I tried to implement soft-max with the following code (out_vec
is a numpy
vector of floats):
numerator = np.exp(out_vec)
denominator = np.sum(np.exp(out_vec))
out_vec = numerator/denominator
However, I got an overflow error because of np.exp(out_vec)
. Therefore, I checked (manually) what the upper limit of np.exp()
is, and found that np.exp(709)
is a number, but np.exp(710)
is considered to be np.inf
. Thus, to try to avoid the overflow error, I modified my code as follows:
out_vec[out_vec > 709] = 709 #prevent np.exp overflow
numerator = np.exp(out_vec)
denominator = np.sum(np.exp(out_vec))
out_vec = numerator/denominator
Now, I get a different error:
RuntimeWarning: invalid value encountered in greater out_vec[out_vec > 709] = 709
What's wrong with the line I added? I looked up this specific error and all I found is people's advice on how to ignore the error. Simply ignoring the error won't help me, because every time my code encounters this error it does not give the usual results.
Your problem is caused by the NaN
or Inf
elements in your out_vec
array.

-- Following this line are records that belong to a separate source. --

definition S_inf :: "real \<Rightarrow> nat \<Rightarrow> (nat \<Rightarrow> real) \<Rightarrow> nat list \<Rightarrow> nat set" where
  "S_inf \<epsilon> n c \<tau> = {i\<in>{2..n}. c i \<le> (1 + \<epsilon>) powr (- real (C_eps \<epsilon>))
      \<and> (length \<tau> > 0 \<longrightarrow> (\<forall>l\<in>S_k \<epsilon> n c \<tau> (length \<tau>). c i < c l))}"

definition Ppoly :: "real \<Rightarrow> nat \<Rightarrow> (nat \<Rightarrow> real) \<Rightarrow> (nat \<Rightarrow> real) \<Rightarrow> real
      \<Rightarrow> nat list \<Rightarrow> nat list \<Rightarrow> (nat \<Rightarrow> real) set" where
  "Ppoly \<epsilon> n c w b \<tau> \<rho> = {x.
      x 1 = 1
    \<and> (\<Sum>i=1..n. w i * x i) \<ge> b
    \<and> (\<forall>k\<in>{1..length \<tau>}. \<rho> ! (k - 1) < R_eps \<epsilon> \<longrightarrow>
          (\<Sum>i\<in>S_k \<epsilon> n c \<tau> k. x i) = real (\<rho> ! (k - 1)))
    \<and> (\<forall>k\<in>{1..length \<tau>}. \<rho> ! (k - 1) = R_eps \<epsilon> \<longrightarrow>
          (\<Sum>i\<in>S_k \<epsilon> n c \<tau> k. x i) \<ge> real (\<rho> ! (k - 1)))
    \<and> (\<forall>i\<in>{2..n}. i \<notin> (\<Union>k\<in>{1..length \<tau>}. S_k \<epsilon> n c \<tau> k) \<union> S_inf \<epsilon> n c \<tau> \<longrightarrow> x i = 0)
    \<and> (\<forall>i\<in>(\<Union>k\<in>{1..length \<tau>}. S_k \<epsilon> n c \<tau> k) \<union> S_inf \<epsilon> n c \<tau>. 0 \<le> x i \<and> x i \<le> 1)}"

end

theory Submission imports Defs begin

text \<open>Split the cost range \<open>((1+\<epsilon>)^-C, 1]\<close> into the \<open>C\<close> geometric levels
  \<open>((1+\<epsilon>)^-(t+1), (1+\<epsilon>)^-t]\<close>. Greedily cover the levels occupied by the chosen items with
  windows whose \<open>k\<close>-th one starts at the lowest uncovered occupied level and has width \<open>k\<close>;
  the windows are exactly the classes \<open>S_k\<close>. Since the \<open>k\<close>-th window starts at a level of
  at least \<open>k(k-1)/2\<close> and all levels are below \<open>C\<close>, there are at most \<open>2\<surd>C\<close> windows.
  The chosen items outside the windows are cheaper than \<open>(1+\<epsilon>)^-C\<close>, hence lie in
  \<open>S_\<infinity>\<close>, and \<open>\<rho>_k\<close> is the number of chosen items in \<open>S_k\<close>, truncated at \<open>\<lceil>1/\<epsilon>\<rceil>\<close>.\<close>

lemma greedy_window_cover:
  fixes L :: "nat set"
  assumes "finite L" and "k > 0"
  shows "\<exists>\<tau>. (\<forall>j<length \<tau>. s \<le> \<tau>!j \<and> \<tau>!j \<in> L)
     \<and> (\<forall>j. Suc j < length \<tau> \<longrightarrow> \<tau>!j + (k + j) \<le> \<tau>!Suc j)
     \<and> (\<forall>t\<in>L. s \<le> t \<longrightarrow> (\<exists>j<length \<tau>. \<tau>!j \<le> t \<and> t < \<tau>!j + (k + j)))"
  using assms(2)
proof (induction "card {t\<in>L. s \<le> t}" arbitrary: s k rule: less_induct)
  case less
  show ?case
  proof (cases "{t\<in>L. s \<le> t} = {}")
    case True
    then show ?thesis by (intro exI[of _ "[]"]) auto
  next
    case False
    define m where "m = Min {t\<in>L. s \<le> t}"
    have fin: "finite {t\<in>L. s \<le> t}" using assms(1) by simp
    have m: "m \<in> L" "s \<le> m" using Min_in[OF fin False] by (auto simp: m_def)
    have m_min: "m \<le> t" if "t \<in> L" "s \<le> t" for t
      using Min_le[OF fin] that by (auto simp: m_def)
    have "{t\<in>L. m + k \<le> t} \<subset> {t\<in>L. s \<le> t}"
    proof -
      have "{t\<in>L. m + k \<le> t} \<subseteq> {t\<in>L. s \<le> t}" using m by auto
      moreover have "m \<in> {t\<in>L. s \<le> t} - {t\<in>L. m + k \<le> t}" using m less.prems by simp
      ultimately show ?thesis by blast
    qed
    then have "card {t\<in>L. m + k \<le> t} < card {t\<in>L. s \<le> t}"
      using fin by (rule psubset_card_mono[rotated])
    from less.hyps[OF this, of "Suc k"] obtain \<tau> where
      in_L: "\<forall>j<length \<tau>. m + k \<le> \<tau>!j \<and> \<tau>!j \<in> L"
      and gaps: "\<forall>j. Suc j < length \<tau> \<longrightarrow> \<tau>!j + (Suc k + j) \<le> \<tau>!Suc j"
      and cover: "\<forall>t\<in>L. m + k \<le> t \<longrightarrow> (\<exists>j<length \<tau>. \<tau>!j \<le> t \<and> t < \<tau>!j + (Suc k + j))"
      by auto
    have "\<forall>j<length (m#\<tau>). s \<le> (m#\<tau>)!j \<and> (m#\<tau>)!j \<in> L"
      using in_L m by (auto simp: nth_Cons split: nat.split)
    moreover have "\<forall>j. Suc j < length (m#\<tau>) \<longrightarrow> (m#\<tau>)!j + (k + j) \<le> (m#\<tau>)!Suc j"
      using in_L gaps by (auto simp: nth_Cons split: nat.split)
    moreover have "\<exists>j<length (m#\<tau>). (m#\<tau>)!j \<le> t \<and> t < (m#\<tau>)!j + (k + j)"
      if "t \<in> L" "s \<le> t" for t
    proof (cases "t < m + k")
      case True
      then show ?thesis using m_min[OF that] by (intro exI[of _ 0]) auto
    next
      case False
      then have "m + k \<le> t" by simp
      with cover that(1) obtain j where "j < length \<tau>" "\<tau>!j \<le> t" "t < \<tau>!j + (Suc k + j)"
        by (meson bspec mp)
      then show ?thesis by (intro exI[of _ "Suc j"]) auto
    qed
    ultimately show ?thesis by blast
  qed
qed

lemma triangular_le_window_start:
  assumes "\<forall>j. Suc j < length \<tau> \<longrightarrow> \<tau>!j + (1 + j) \<le> \<tau>!Suc j"
  shows "j < length \<tau> \<Longrightarrow> j * (j + 1) \<le> 2 * \<tau>!j"
proof (induction j)
  case (Suc j)
  then have "\<tau>!j + (1 + j) \<le> \<tau>!Suc j" using assms by auto
  with Suc show ?case by auto
qed simp

lemma le_ceiling_two_sqrt:
  fixes K C :: nat
  assumes "K * (K - 1) \<le> 2 * C" and "K \<ge> 1 \<Longrightarrow> C \<ge> 1"
  shows "K \<le> nat \<lceil>2 * sqrt (real C)\<rceil>"
proof -
  have "real K \<le> 2 * sqrt (real C)"
  proof (cases "K \<ge> 2")
    case True
    then have "K * K \<le> 2 * (K * (K - 1))" by (cases K) auto
    with assms(1) have "K * K \<le> 4 * C" by linarith
    then have "real K * real K \<le> 4 * real C"
      by (metis of_nat_le_iff of_nat_mult of_nat_numeral)
    then have "sqrt (real K * real K) \<le> sqrt (4 * real C)" by (rule real_sqrt_le_mono)
    then show ?thesis by (simp add: real_sqrt_mult)
  next
    case False
    then consider "K = 0" | "K = 1" by linarith
    then show ?thesis
    proof cases
      case 2
      then have "1 \<le> real C" using assms(2) by simp
      then have "1 \<le> sqrt (real C)" by simp
      moreover have "real K = 1" using 2 by simp
      ultimately show ?thesis by linarith
    qed simp
  qed
  then show ?thesis by (metis ceiling_mono ceiling_of_nat nat_int nat_mono)
qed

lemma powr_level_exists:
  fixes a x :: real
  assumes "a > 1" and "x \<le> 1"
  shows "x > a powr - real C \<Longrightarrow> \<exists>t<C. x \<le> a powr - real t \<and> a powr - real (t + 1) < x"
proof (induction C)
  case (Suc C)
  show ?case
  proof (cases "x > a powr - real C")
    case True
    then show ?thesis using Suc.IH less_SucI by blast
  next
    case False
    then show ?thesis using Suc.prems by (intro exI[of _ C]) auto
  qed
qed (use assms in simp)
lemma poly_pres_lincomb:
  assumes pp: "poly_pres sc \<rho> deg W f" and "finite B" and "\<And>b. b \<in> B \<Longrightarrow> u b \<in> W"
  shows "(\<lambda>j l. \<Sum>b\<in>B. c b * u b j l) \<in> W \<and> f (\<lambda>j l. \<Sum>b\<in>B. c b * u b j l) = (\<Sum>b\<in>B. sc (c b) (f (u b)))"
  using assms(2,3)
proof (induction B rule: finite_induct)
  case empty
  then show ?case
    using pp poly_pres_zero[OF pp] unfolding poly_pres_def by simp
next
  case (insert x F)
  have add: "\<And>v w. v \<in> W \<Longrightarrow> w \<in> W \<Longrightarrow> (\<lambda>j l. v j l + w j l) \<in> W \<and> f (\<lambda>j l. v j l + w j l) = f v + f w"
    and smult: "\<And>v. v \<in> W \<Longrightarrow> (\<lambda>j l. c x * v j l) \<in> W \<and> f (\<lambda>j l. c x * v j l) = sc (c x) (f v)"
    using pp unfolding poly_pres_def by blast+
  have "u x \<in> W" and IH: "(\<lambda>j l. \<Sum>b\<in>F. c b * u b j l) \<in> W \<and> f (\<lambda>j l. \<Sum>b\<in>F. c b * u b j l) = (\<Sum>b\<in>F. sc (c b) (f (u b)))"
    using insert by auto
  then show ?case
    using add[OF conjunct1[OF smult] conjunct1[OF IH]] smult insert.hyps by simp
qed

definition line_orbit_degree_le ::
    "(complex \<Rightarrow> 'v::ab_group_add \<Rightarrow> 'v) \<Rightarrow> ((nat \<Rightarrow> nat \<Rightarrow> complex) \<Rightarrow> 'v \<Rightarrow> 'v) \<Rightarrow> 'v \<Rightarrow> nat \<Rightarrow> bool"
  where "line_orbit_degree_le sc \<rho> v E \<longleftrightarrow> (\<forall>g\<in>gl_inf. \<exists>x. (\<forall>i>E. x i = 0) \<and>
     (\<forall>t. line_mat g t \<in> gl_inf \<longrightarrow> \<rho> (line_mat g t) v = (\<Sum>i\<le>E. sc (t ^ i) (x i))))"

lemma poly_pres_line_orbit_degree_le:
  assumes pp: "poly_pres sc \<rho> deg W f" and w: "w \<in> W"
  shows "line_orbit_degree_le sc \<rho> (f w) (dsum_degree deg w)"
  unfolding line_orbit_degree_le_def
proof
  fix g
  assume g: "g \<in> gl_inf"
  let ?E = "dsum_degree deg w"
  let ?v = "\<lambda>t. dsum_act deg (line_mat g t) w"
  have "w \<in> dsum_space deg"
    using pp w unfolding poly_pres_def by blast
  then obtain Q where Q: "\<And>t j l. ?v t j l = poly (Q j l) t" and deg_Q: "\<And>j l. degree (Q j l) \<le> ?E"
    using dsum_act_line_mat_poly[where g = g] by blast
  obtain n where "fin_block n g"
    using g unfolding gl_inf_def by blast
  then obtain B where B: "finite B" "card B = Suc ?E" "B \<subseteq> {t. line_mat g t \<in> gl_inf}"
    using infinite_arbitrarily_large[OF infinite_line_mat_in_gl_inf] by blast
  define c where "c i j l = coeff (Q j l) i" for i j l
  \<comment> \<open>By interpolation at the points of \<open>B\<close>, each coefficient vector is a combination of vectors of \<open>W\<close>.\<close>
  have c_in_W: "c i \<in> W" for i
  proof -
    have "c i j l = (\<Sum>b\<in>B. coeff (lagrange_basis B b) i * ?v b j l)" for j l
      using coeff_eq_sum_lagrange_basis[OF B(1), of "Q j l" i] deg_Q[of j l] B(2)
      by (simp add: c_def Q mult.commute)
    then have "c i = (\<lambda>j l. \<Sum>b\<in>B. coeff (lagrange_basis B b) i * ?v b j l)"
      by blast
    moreover have "?v b \<in> W" if "b \<in> B" for b
      using pp w B(3) that unfolding poly_pres_def by blast
    ultimately show ?thesis
      using poly_pres_lincomb[OF pp B(1), of ?v "\<lambda>b. coeff (lagrange_basis B b) i"] by simp
  qed
  have orbit: "\<rho> (line_mat g t) (f w) = (\<Sum>i\<le>?E. sc (t ^ i) (f (c i)))" if t: "line_mat g t \<in> gl_inf" for t
  proof -
    have "?v t = (\<lambda>j l. \<Sum>i\<le>?E. t ^ i * c i j l)"
      by (intro ext) (simp add: Q c_def poly_eq_sum_coeff_le[OF deg_Q] mult.commute)
    then have "f (?v t) = (\<Sum>i\<le>?E. sc (t ^ i) (f (c i)))"
      using poly_pres_lincomb[OF pp finite_atMost, where u = c and c = "\<lambda>i. t ^ i"] c_in_W by simp
    moreover have "f (?v t) = \<rho> (line_mat g t) (f w)"
      using pp w t unfolding poly_pres_def by blast
    ultimately show ?thesis
      by simp
  qed
  have vanish: "f (c i) = 0" if "?E < i" for i
  proof -
    have "c i = (\<lambda>j l. 0)"
      by (intro ext) (simp add: c_def coeff_eq_0[OF le_less_trans[OF deg_Q that]])
    then show ?thesis
      using poly_pres_zero[OF pp] by simp
  qed
  show "\<exists>x. (\<forall>i>?E. x i = 0) \<and> (\<forall>t. line_mat g t \<in> gl_inf \<longrightarrow> \<rho> (line_mat g t) (f w) = (\<Sum>i\<le>?E. sc (t ^ i) (x i)))"
    by (intro exI[of _ "\<lambda>i. f (c i)"]) (simp add: orbit vanish)
qed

You could use the following code to avoid this problem:
if np.isnan(np.sum(out_vec)):
out_vec = out_vec[~numpy.isnan(out_vec)] # just remove nan elements from vector
out_vec[out_vec > 709] = 709
...
or you could use the following code to leave the NaN
values in your array:
out_vec[ np.array([e > 709 if ~np.isnan(e) else False for e in out_vec], dtype=bool) ] = 709
In my case the warning did not show up when calling this before the comparison (I had NaN values getting compared)
np.warnings.filterwarnings('ignore')
IMO the better way would be to use a more numerically stable implementation of sum of exponentials.
from scipy.misc import logsumexp
out_vec = np.exp(out_vec - logsumexp(out_vec))
If this happens because of your NaN value, then this might help:
out_vec[~np.isnan(out_vec)] = out_vec[~np.isnan(out_vec)] > 709
This does the greater operation for none NaN values and the rest remains the same. If you need the rest to be False, then do this too:
out_vec[np.isnan(out_vec)] = False